CreatureOS is intentionally opinionated:
- chats get fresh Codex threads
- habit runs stay on a persistent creature thread
- state lives locally in SQLite
- creatures use purpose and habits as their authority
- The Keeper helps shape the rest of the habitat

## Useful Startup Variants

Serve on localhost plus the detected Tailscale IPv4:

```bash
creatureos serve --tailscale
```

Force a fresh onboarding environment scan on boot:

```bash
creatureos serve --force-scan
```

Anchor creature file work to a specific directory:

```bash
creatureos serve --workspace /path/to/work
```

## Where CreatureOS Stores Things

If you do not pass `--workspace`, CreatureOS uses your current working directory as the primary working root for creature file work.

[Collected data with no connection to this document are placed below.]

lemma qpoch_inverse_power_eq_0:
  assumes "q \<noteq> 0" and "a < k"
  shows "qpoch (inverse (q ^ a)) q k = 0"
  using assms unfolding qpoch_def by (intro prod_zero bexI[of _ a]) auto

lemma qpoch_inverse_power:
  assumes "q \<noteq> 0" and "k \<le> a"
  shows "qpoch (inverse (q ^ a)) q k * q ^ (a * k) * qpoch q q (a - k) =
    (-1) ^ k * q ^ (k choose 2) * qpoch q q a"
  using assms(2)
proof (induction k)
  case 0
  then show ?case by (simp add: qpoch_def numeral_2_eq_2)
next
  case (Suc k)
  have "q ^ a = q ^ k * q ^ (a - k)" and "a - k = Suc (a - Suc k)"
    using Suc.prems by (simp_all flip: power_add)
  then have step: "(1 - inverse (q ^ a) * q ^ k) * q ^ a * qpoch q q (a - Suc k) = - (q ^ k) * qpoch q q (a - k)"
    using assms(1) by (simp add: qpoch_Suc algebra_simps)
  have "qpoch (inverse (q ^ a)) q (Suc k) * q ^ (a * Suc k) * qpoch q q (a - Suc k) =
      qpoch (inverse (q ^ a)) q k * q ^ (a * k) * ((1 - inverse (q ^ a) * q ^ k) * q ^ a * qpoch q q (a - Suc k))"
    by (simp add: qpoch_Suc power_add mult_ac)
  also have "\<dots> = - (q ^ k) * (qpoch (inverse (q ^ a)) q k * q ^ (a * k) * qpoch q q (a - k))"
    unfolding step by (simp add: mult_ac)
  also have "\<dots> = (-1) ^ Suc k * q ^ (Suc k choose 2) * qpoch q q a"
    using Suc by (simp add: numeral_2_eq_2 power_add)
  finally show ?case .
qed

lemma phi21_inverse_power:
  assumes "q \<noteq> 0"
  shows "phi21 (inverse (q ^ n)) a2 b1 q z =
    (\<Sum>k\<le>n. qpoch (inverse (q ^ n)) q k * qpoch a2 q k / (qpoch q q k * qpoch b1 q k) * z ^ k)"
  unfolding phi21_def
  by (rule suminf_finite) (auto simp: qpoch_inverse_power_eq_0[OF assms])

lemma qpoch_inverse_power_quotient:
  assumes "q \<noteq> 0" and "k \<le> a" and "qpoch q q (a - k) \<noteq> 0"
  shows "qpoch (inverse (q ^ a)) q k =
    (-1) ^ k * q ^ (k choose 2) * qpoch q q a / (q ^ (a * k) * qpoch q q (a - k))"
  using qpoch_inverse_power[OF assms(1,2)] assms by (simp add: field_simps)

lemma gauss_binom_phi21_term:
  fixes q t :: complex
  assumes q: "q \<noteq> 0" and nz: "\<forall>j\<in>{1..m+n}. q ^ j \<noteq> 1" and "k \<le> n"
  shows "gauss_binom (m + n) n q *
      (qpoch (inverse (q ^ n)) q k * qpoch (inverse (q ^ m)) q k
        / (qpoch q q k * qpoch (inverse (q ^ (n + m))) q k) * (- t * q) ^ k)
    = t ^ k * q ^ (Suc k choose 2) * qbinom q m k * qbinom q (m + (n - k)) (n - k)"
proof (cases "k \<le> m")
  case False
  then show ?thesis using qpoch_inverse_power_eq_0[OF q, of m k] qbinom_eq_0[of m k q] by simp
next
  case True
  let ?D = "qpoch q q"
  have D: "?D j \<noteq> 0" if "j \<le> m + n" for j
    using qpoch_qq_nonzero[OF that nz] .
  have "m - k + k = m" and "n + m - k = m + (n - k)"
    using True \<open>k \<le> n\<close> by simp_all
  then have qbinom_m: "qbinom q m k = ?D m / (?D (m - k) * ?D k)"
    and qbinom_mn: "qbinom q (m + (n - k)) (n - k) = ?D (m + (n - k)) / (?D m * ?D (n - k))"
    and inv_nm: "qpoch (inverse (q ^ (n + m))) q k =
      (-1) ^ k * q ^ (k choose 2) * ?D (m + n) / (q ^ ((n + m) * k) * ?D (m + (n - k)))"
    using qbinom_eq_qpoch_quotient[of q "m - k" k] qbinom_eq_qpoch_quotient[of q m "n - k"]
      qpoch_inverse_power_quotient[OF q, of k "n + m"] True \<open>k \<le> n\<close> D
    by (simp_all add: add.commute)
  have inv_n: "qpoch (inverse (q ^ n)) q k =
      (-1) ^ k * q ^ (k choose 2) * ?D n / (q ^ (n * k) * ?D (n - k))"
    and inv_m: "qpoch (inverse (q ^ m)) q k =
      (-1) ^ k * q ^ (k choose 2) * ?D m / (q ^ (m * k) * ?D (m - k))"
    using qpoch_inverse_power_quotient[OF q] True \<open>k \<le> n\<close> D by simp_all
  have gauss: "gauss_binom (m + n) n q = ?D (m + n) / (?D m * ?D n)"
    by (simp add: gauss_binom_def mult.commute)
  have powers: "q ^ (Suc k choose 2) = q ^ (k choose 2) * q ^ k"
    "q ^ ((n + m) * k) = q ^ (n * k) * q ^ (m * k)"
    "(- t * q) ^ k = (-1) ^ k * t ^ k * q ^ k"
    by (simp_all add: numeral_2_eq_2 power_add add_mult_distrib power_mult_distrib power_minus[of "t * q"])
  show ?thesis
    unfolding qbinom_m qbinom_mn inv_nm inv_n inv_m gauss powers
    using True \<open>k \<le> n\<close> q D[of k] D[of n] D[of m] D[of "m + n"] D[of "m + (n - k)"] D[of "n - k"] D[of "m - k"]
    by (simp add: field_simps)
qed

theorem proposition2p4:
  fixes m n :: nat and q t :: complex
  assumes "m \<ge> 1" and "n \<ge> 1"
    and "q \<noteq> 0" and "\<forall>j\<in>{1..m+n}. q ^ j \<noteq> 1"
  shows "over_gauss m n q t =
         gauss_binom (m + n) n q *
         phi21 (q powi (- int n)) (q powi (- int m)) (q powi (- int n - int m)) q (- t * q)"
proof -
  have "- int n - int m = - int (n + m)" by simp
  then have "q powi (- int n - int m) = inverse (q ^ (n + m))"
    by (simp only: power_int_minus power_int_of_nat)
  then have "gauss_binom (m + n) n q *
      phi21 (q powi (- int n)) (q powi (- int m)) (q powi (- int n - int m)) q (- t * q) =
      (\<Sum>k\<le>n. t ^ k * q ^ (Suc k choose 2) * qbinom q m k * qbinom q (m + (n - k)) (n - k))"
    using gauss_binom_phi21_term[OF assms(3,4)]
    by (simp add: power_int_minus phi21_inverse_power[OF assms(3)] sum_distrib_left)
  also have "\<dots> = over_gauss m n q t"
    by (simp add: over_gauss_eq_freq_gf freq_gf_eq_over_gauss_expansion over_gauss_expansion_def)
  finally show ?thesis ..
qed
lemma summable_on_nat_powr: "a > 1 \<Longrightarrow> (\<lambda>m::nat. real m powr (-a)) summable_on UNIV"
  by (simp add: summable_on_UNIV_nonneg_real_iff summable_real_powr_iff)

lemma infsum_diff:
  fixes f g :: "'a \<Rightarrow> 'b::{topological_ab_group_add, t2_space}"
  assumes "f summable_on A" and "g summable_on A"
  shows "infsum (\<lambda>x. f x - g x) A = infsum f A - infsum g A"
  using infsum_add[OF assms(1) summable_on_uminus[THEN iffD2, OF assms(2)]] by (simp add: infsum_uminus)

lemma dirichlet_series_coeff_eq_0:
  fixes d :: "nat \<Rightarrow> complex"
  assumes summable: "d summable_on UNIV"
    and vanish: "\<And>t::real. (\<Sum>\<^sub>\<infinity>m. d m * of_nat m powr (\<i> * of_real t)) = 0"
    and "k > 0"
  shows "d k = 0"
proof -
  \<comment> \<open>At m = 0 we have 0 powr z = 0 but cis (t * ln 0) = 1, and ln 0 = ln 1.\<close>
  define d' where "d' m = (if m = 0 then 0 else d m)" for m
  have "summable (\<lambda>m. norm (d m))"
    using summable by (simp add: summable_on_iff_abs_summable_on_complex summable_on_imp_summable)
  then have "summable (\<lambda>m. norm (d' m))"
    by (rule summable_comparison_test[rotated]) (simp add: d'_def)
  moreover have "inj_on (\<lambda>m. ln (real m)) {m. d' m \<noteq> 0}"
    by (auto simp: inj_on_def d'_def)
  moreover have "(\<Sum>m. d' m * cis (t * ln (real m))) = 0" for t
  proof -
    have "d' m * cis (t * ln (real m)) = d m * of_nat m powr (\<i> * of_real t)" for m
      by (cases "m = 0") (simp_all add: d'_def nat_powr_imaginary)
    moreover have "(\<lambda>m. d m * of_nat m powr (\<i> * of_real t)) summable_on UNIV"
      using summable norm_nat_powr_imaginary_le by (rule summable_on_mult_bounded)
    then have "(\<lambda>m. d m * of_nat m powr (\<i> * of_real t)) sums 0"
      using vanish[of t] by (metis has_sum_imp_sums has_sum_infsum)
    ultimately show ?thesis
      by (simp add: sums_iff)
  qed
  ultimately have "d' k = 0"
    by (rule exp_series_coeff_eq_0)
  with \<open>k > 0\<close> show ?thesis
    by (simp add: d'_def)
qed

The onboarding scan is broader than that. It looks across likely work directories on the machine so The Keeper can form a first impression of the kind of work you do.

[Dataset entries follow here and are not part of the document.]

(* Let $M$ be a monoid that satisfies, for every $n\ge1$, the identity $$xy_1^2y_2^2\cdots y_{n-1}^2y_n^2x\approx xy_1^2y_2^2\cdots y_{n-1}^2y_nxy_n.$$ If the $\lambda$-class $bta^+b^+$ is a $\lambda$-term for $M$, then $M$ is non-finitely based (the monoid variety generated by $M$ has no finite identity basis).
   Context: Words are elements of the free monoid $\mathfrak A^*$ over a countably infinite alphabet. Let $\tau_1$ be the congruence on $\mathfrak A^*$ generated by $a=aa$ for all letters $a$. Define $\mathbf u\,\lambda\,\mathbf v$ iff $\mathbf u\,\tau_1\,\mathbf v$, $\mathbf u,\mathbf v$ have the same set of letters occurring at least twice, and for each such letter its first two occurrences are adjacent in $\mathbf u$ iff they are adjacent in $\mathbf v$. The notation $bta^+b^+$ denotes the $\lambda$-class $\{bta^kb^m:k\ge2,m\ge1\}$. A $\lambda$-class $\mathtt u$ is a $\lambda$-term for $M$ if for every word $\mathbf u\in\mathtt u$ and every word $\mathbf v$ such that $M$ satisfies $\mathbf u\approx\mathbf v$, we have $\mathbf u\,\lambda\,\mathbf v$. *)

theory Defs
  imports Main
begin

type_synonym word = "nat list"

definition word_eval :: "(nat \<Rightarrow> 'm::monoid_mult) \<Rightarrow> word \<Rightarrow> 'm" where
  "word_eval \<phi> w = prod_list (map \<phi> w)"

definition satisfies :: "'m::monoid_mult itself \<Rightarrow> word \<Rightarrow> word \<Rightarrow> bool" where
  "satisfies M u v \<longleftrightarrow> (\<forall>\<phi> :: nat \<Rightarrow> 'm. word_eval \<phi> u = word_eval \<phi> v)"

definition wsubst :: "(nat \<Rightarrow> word) \<Rightarrow> word \<Rightarrow> word" where
  "wsubst \<sigma> w = concat (map \<sigma> w)"

inductive derivable :: "(word \<times> word) set \<Rightarrow> word \<Rightarrow> word \<Rightarrow> bool" for \<Sigma> where
  ax: "(u, v) \<in> \<Sigma> \<Longrightarrow> derivable \<Sigma> u v"
| refl: "derivable \<Sigma> u u"
| sym: "derivable \<Sigma> u v \<Longrightarrow> derivable \<Sigma> v u"
| trans: "derivable \<Sigma> u v \<Longrightarrow> derivable \<Sigma> v w \<Longrightarrow> derivable \<Sigma> u w"
| ctxt: "derivable \<Sigma> u v \<Longrightarrow> derivable \<Sigma> (p @ u @ q) (p @ v @ q)"
| subst: "derivable \<Sigma> u v \<Longrightarrow> derivable \<Sigma> (wsubst \<sigma> u) (wsubst \<sigma> v)"

definition finitely_based :: "'m::monoid_mult itself \<Rightarrow> bool" where
  "finitely_based M \<longleftrightarrow>
     (\<exists>\<Sigma>. finite \<Sigma> \<and> (\<forall>u v. satisfies M u v \<longleftrightarrow> derivable \<Sigma> u v))"

inductive tau1 :: "word \<Rightarrow> word \<Rightarrow> bool" where
  gen: "tau1 (p @ [a] @ q) (p @ [a, a] @ q)"
| refl: "tau1 u u"
| sym: "tau1 u v \<Longrightarrow> tau1 v u"
| trans: "tau1 u v \<Longrightarrow> tau1 v w \<Longrightarrow> tau1 u w"

definition mult_letters :: "word \<Rightarrow> nat set" where
  "mult_letters w = {a. count_list w a \<ge> 2}"

definition first_two_adjacent :: "word \<Rightarrow> nat \<Rightarrow> bool" where
  "first_two_adjacent w a \<longleftrightarrow> (\<exists>p q. w = p @ [a, a] @ q \<and> a \<notin> set p)"

definition lambda_rel :: "word \<Rightarrow> word \<Rightarrow> bool" where
  "lambda_rel u v \<longleftrightarrow> tau1 u v \<and> mult_letters u = mult_letters v \<and>
     (\<forall>a \<in> mult_letters u. first_two_adjacent u a \<longleftrightarrow> first_two_adjacent v a)"

definition is_lambda_term :: "'m::monoid_mult itself \<Rightarrow> word set \<Rightarrow> bool" where
  "is_lambda_term M U \<longleftrightarrow> (\<forall>u \<in> U. \<forall>v. satisfies M u v \<longrightarrow> lambda_rel u v)"

definition bta_class :: "nat \<Rightarrow> nat \<Rightarrow> nat \<Rightarrow> word set" where
  "bta_class b t a = {[b, t] @ replicate k a @ replicate m b | k m. k \<ge> 2 \<and> m \<ge> 1}"

text \<open>The identity x y1^2 ... y_{n-1}^2 y_n^2 x = x y1^2 ... y_{n-1}^2 y_n x y_n,
  with x = letter 0 and y_i = letter i.\<close>
definition sq_prefix :: "nat \<Rightarrow> word" where
  "sq_prefix n = [0] @ concat (map (\<lambda>i. [i, i]) [1..<n])"

end

theory Submission
  imports Defs
begin

(* Suppose M had a finite basis and let n exceed by 3 the number of distinct letters of each of
  its identities. Call a word good if its positive letters occur in nondecreasing order, each of
  1, ..., n-1 occurs after some 0, and erasing all letters but 0 and n and renaming 0 to b and
  n to a leaves b a^k b^m with k >= 2, m >= 1. The left side x y1^2 ... yn^2 x of the n-th
  identity is good; the right side is not, as it leaves b a b a.

  Since bta^+b^+ is a lambda-term, an identity l = r of M maps every substitution instance of l
  lying in bta^+b^+ to one of r lying there too. Well-chosen substitutions show that r has the
  letters of l, the repeated letters of l, and every occurrence of x before y found in l; this
  keeps the first two conditions. For the third, take a letter of l occurring once whose image
  contains the cut between the leading b and the a's, insert t at the cut, and apply the
  lambda-term property once more. Such a letter exists: otherwise 1, ..., n-1 would have to lie
  in images of distinct repeated letters of l (a repeated letter carries at most one positive
  letter, or the order breaks), which needs more letters than l has. So all consequences of the
  basis preserve goodness, and the n-th identity is not one of them. *)

section \<open>Substitutions and derivations\<close>

lemma word_eval_append [simp]: "word_eval \<phi> (u @ v) = word_eval \<phi> u * word_eval \<phi> v"
  by (simp add: word_eval_def)

lemma wsubst_Nil [simp]: "wsubst \<sigma> [] = []"
  and wsubst_Cons [simp]: "wsubst \<sigma> (c # w) = \<sigma> c @ wsubst \<sigma> w"
  and wsubst_append [simp]: "wsubst \<sigma> (u @ v) = wsubst \<sigma> u @ wsubst \<sigma> v"
  by (simp_all add: wsubst_def)

lemma wsubst_wsubst: "wsubst \<sigma> (wsubst \<tau> w) = wsubst (\<lambda>c. wsubst \<sigma> (\<tau> c)) w"
  by (induction w) simp_all

lemma wsubst_cong: "(\<And>c. c \<in> set w \<Longrightarrow> \<sigma> c = \<tau> c) \<Longrightarrow> wsubst \<sigma> w = wsubst \<tau> w"
  by (induction w) simp_all

lemma wsubst_letters [simp]: "wsubst (\<lambda>c. [c]) w = w"
  by (induction w) simp_all

lemma wsubst_eq_Nil_iff: "wsubst \<sigma> w = [] \<longleftrightarrow> (\<forall>c\<in>set w. \<sigma> c = [])"
  by (induction w) simp_all

lemma set_wsubst: "set (wsubst \<sigma> w) = (\<Union>c\<in>set w. set (\<sigma> c))"
  by (induction w) auto

lemma filter_wsubst: "filter P (wsubst \<sigma> w) = wsubst (\<lambda>c. filter P (\<sigma> c)) w"
  by (induction w) simp_all

lemma count_list_replicate [simp]: "count_list (replicate n x) y = (if x = y then n else 0)"
  by (induction n) auto

lemma wsubst_single_letter:
  "wsubst (\<lambda>c. if c = e then [x] else []) w = replicate (count_list w e) x"
  by (induction w) auto

lemma wsubst_split_first:
  assumes "x \<in> set (wsubst \<sigma> w)"
  obtains w0 c w1 \<alpha> \<beta> where "w = w0 @ c # w1" "\<sigma> c = \<alpha> @ x # \<beta>" "x \<notin> set (wsubst \<sigma> w0 @ \<alpha>)"
proof -
  have "\<exists>c\<in>set w. x \<in> set (\<sigma> c)"
    using assms by (simp add: set_wsubst)
  then obtain w0 c w1 where w: "w = w0 @ c # w1" and "x \<in> set (\<sigma> c)"
    and first: "\<forall>c'\<in>set w0. x \<notin> set (\<sigma> c')"
    by (rule split_list_first_propE)
  from \<open>x \<in> set (\<sigma> c)\<close> obtain \<alpha> \<beta> where "\<sigma> c = \<alpha> @ x # \<beta>" "x \<notin> set \<alpha>"
    by (blast dest: split_list_first)
  with w first show ?thesis
    by (intro that) (auto simp: set_wsubst)
qed

lemma word_eval_wsubst: "word_eval \<phi> (wsubst \<sigma> w) = word_eval (\<lambda>c. word_eval \<phi> (\<sigma> c)) w"
  by (induction w) (simp_all add: word_eval_def)

lemma satisfies_sym: "satisfies M u v \<Longrightarrow> satisfies M v u"
  by (simp add: satisfies_def)

lemma satisfies_ctxt_subst:
  "satisfies M u v \<Longrightarrow> satisfies M (p @ wsubst \<sigma> u @ q) (p @ wsubst \<sigma> v @ q)"
  by (simp add: satisfies_def word_eval_wsubst)

lemma finite_identities_card_bound:
  fixes \<Sigma> :: "('a list \<times> 'a list) set"
  assumes "finite \<Sigma>"
  obtains N where "\<And>l r. (l, r) \<in> \<Sigma> \<Longrightarrow> card (set l) \<le> N \<and> card (set r) \<le> N"
proof
  let ?V = "\<Union>(l, r)\<in>\<Sigma>. set l \<union> set r"
  have "finite ?V"
    using assms by auto
  fix l r
  assume "(l, r) \<in> \<Sigma>"
  then have "set l \<subseteq> ?V" "set r \<subseteq> ?V"
    by blast+
  with \<open>finite ?V\<close> show "card (set l) \<le> card ?V \<and> card (set r) \<le> card ?V"
    by (simp add: card_mono)
qed

lemma derivable_invariant:
  assumes "derivable \<Sigma> u v"
    and step: "\<And>l r p \<sigma> q. (l, r) \<in> \<Sigma> \<or> (r, l) \<in> \<Sigma> \<Longrightarrow>
      P (p @ wsubst \<sigma> l @ q) \<Longrightarrow> P (p @ wsubst \<sigma> r @ q)"
  shows "P u \<longleftrightarrow> P v"
proof -
  have "P (p @ wsubst \<sigma> u @ q) \<longleftrightarrow> P (p @ wsubst \<sigma> v @ q)" for p \<sigma> q
    using assms(1)
  proof (induction arbitrary: p \<sigma> q)
    case (ax u v)
    then show ?case by (blast intro: step)
  next
    case (ctxt u v p' q')
    then show ?case by (metis append.assoc wsubst_append)
  next
    case (subst u v \<tau>)
    then show ?case by (simp add: wsubst_wsubst)
  qed simp_all
  from this[of "[]" "\<lambda>c. [c]" "[]"] show ?thesis by simp
qed

lemma context_as_substitution:
  assumes "finite V"
  obtains x y \<sigma>' where "\<And>w. set w \<subseteq> V \<Longrightarrow> wsubst \<sigma>' ([x] @ w @ [y]) = p @ wsubst \<sigma> w @ q"
proof
  define x where "x = Suc (Max (insert 0 V))"
  have fresh: "c < x" if "c \<in> V" for c
    using assms that by (simp add: x_def le_imp_less_Suc)
  show "wsubst (\<sigma>(x := p, Suc x := q)) ([x] @ w @ [Suc x]) = p @ wsubst \<sigma> w @ q"
    if "set w \<subseteq> V" for w
  proof -
    have "wsubst (\<sigma>(x := p, Suc x := q)) w = wsubst \<sigma> w"
      using that fresh by (intro wsubst_cong) fastforce
    then show ?thesis
      by simp
  qed
qed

Runtime state lives in a user-local data directory:

- Linux: `~/.local/state/creatureos`
- macOS: `~/Library/Application Support/CreatureOS`
- Windows: `%LOCALAPPDATA%\\CreatureOS`

You can override that with:
- `creatureos --data-dir /path/to/data serve`
- `CREATURE_OS_DATA_DIR`
- `CREATURE_OS_DB_PATH`

## Development

If you are working from a checkout instead of PyPI:

```bash
python3 -m pip install -e .
```

Common commands:

```bash
python3 -m py_compile creatureos/cli.py creatureos/web.py creatureos/service.py creatureos/storage.py creatureos/config.py creatureos/codex_cli.py
node --check creatureos/static/creature_os.js
python3 -m pytest
```

Browser smoke test:

```bash
CREATURE_OS_RUN_BROWSER_SMOKE=1 python3 -m pytest -m browser
```

Storage-focused guardrails:

```bash
python3 scripts/check_storage_sql.py
python3 scripts/storage_smoke.py
```

## Advanced Configuration

Environment variables:

- `CREATURE_OS_WORKSPACE_ROOT`: primary working root for creature file work
- `CREATURE_OS_DATA_DIR`: runtime data directory
- `CREATURE_OS_DB_PATH`: SQLite path override
- `CREATURE_OS_HOST`: bind host override for single-bind serve mode
- `CREATURE_OS_PUBLIC_HOST`: display host used in generated URLs
- `CREATURE_OS_PORT`: port override
- `CREATURE_OS_CODEX_BIN`: Codex CLI binary
- `CREATURE_OS_MODEL`: model override
- `CREATURE_OS_REASONING_EFFORT`: reasoning effort override
- `CREATURE_OS_TIMEOUT_SECONDS`: read-only run timeout
- `CREATURE_OS_WRITE_TIMEOUT_SECONDS`: write-enabled run timeout
- `CREATURE_OS_PYTHON_BIN`: Python interpreter used by helper scripts

Notes:

- `serve` runs a small supervisor that restarts the worker when core runtime files change.
- Static JS and CSS are served with revalidation headers to avoid stale browser state.
- If a server is already running for the same CreatureOS data directory, a second `serve` exits instead of starting a duplicate process.

## Contributing

If you want to work on CreatureOS itself, see [CONTRIBUTING.md](CONTRIBUTING.md).

## License

CreatureOS is licensed under Apache 2.0. See [LICENSE](LICENSE).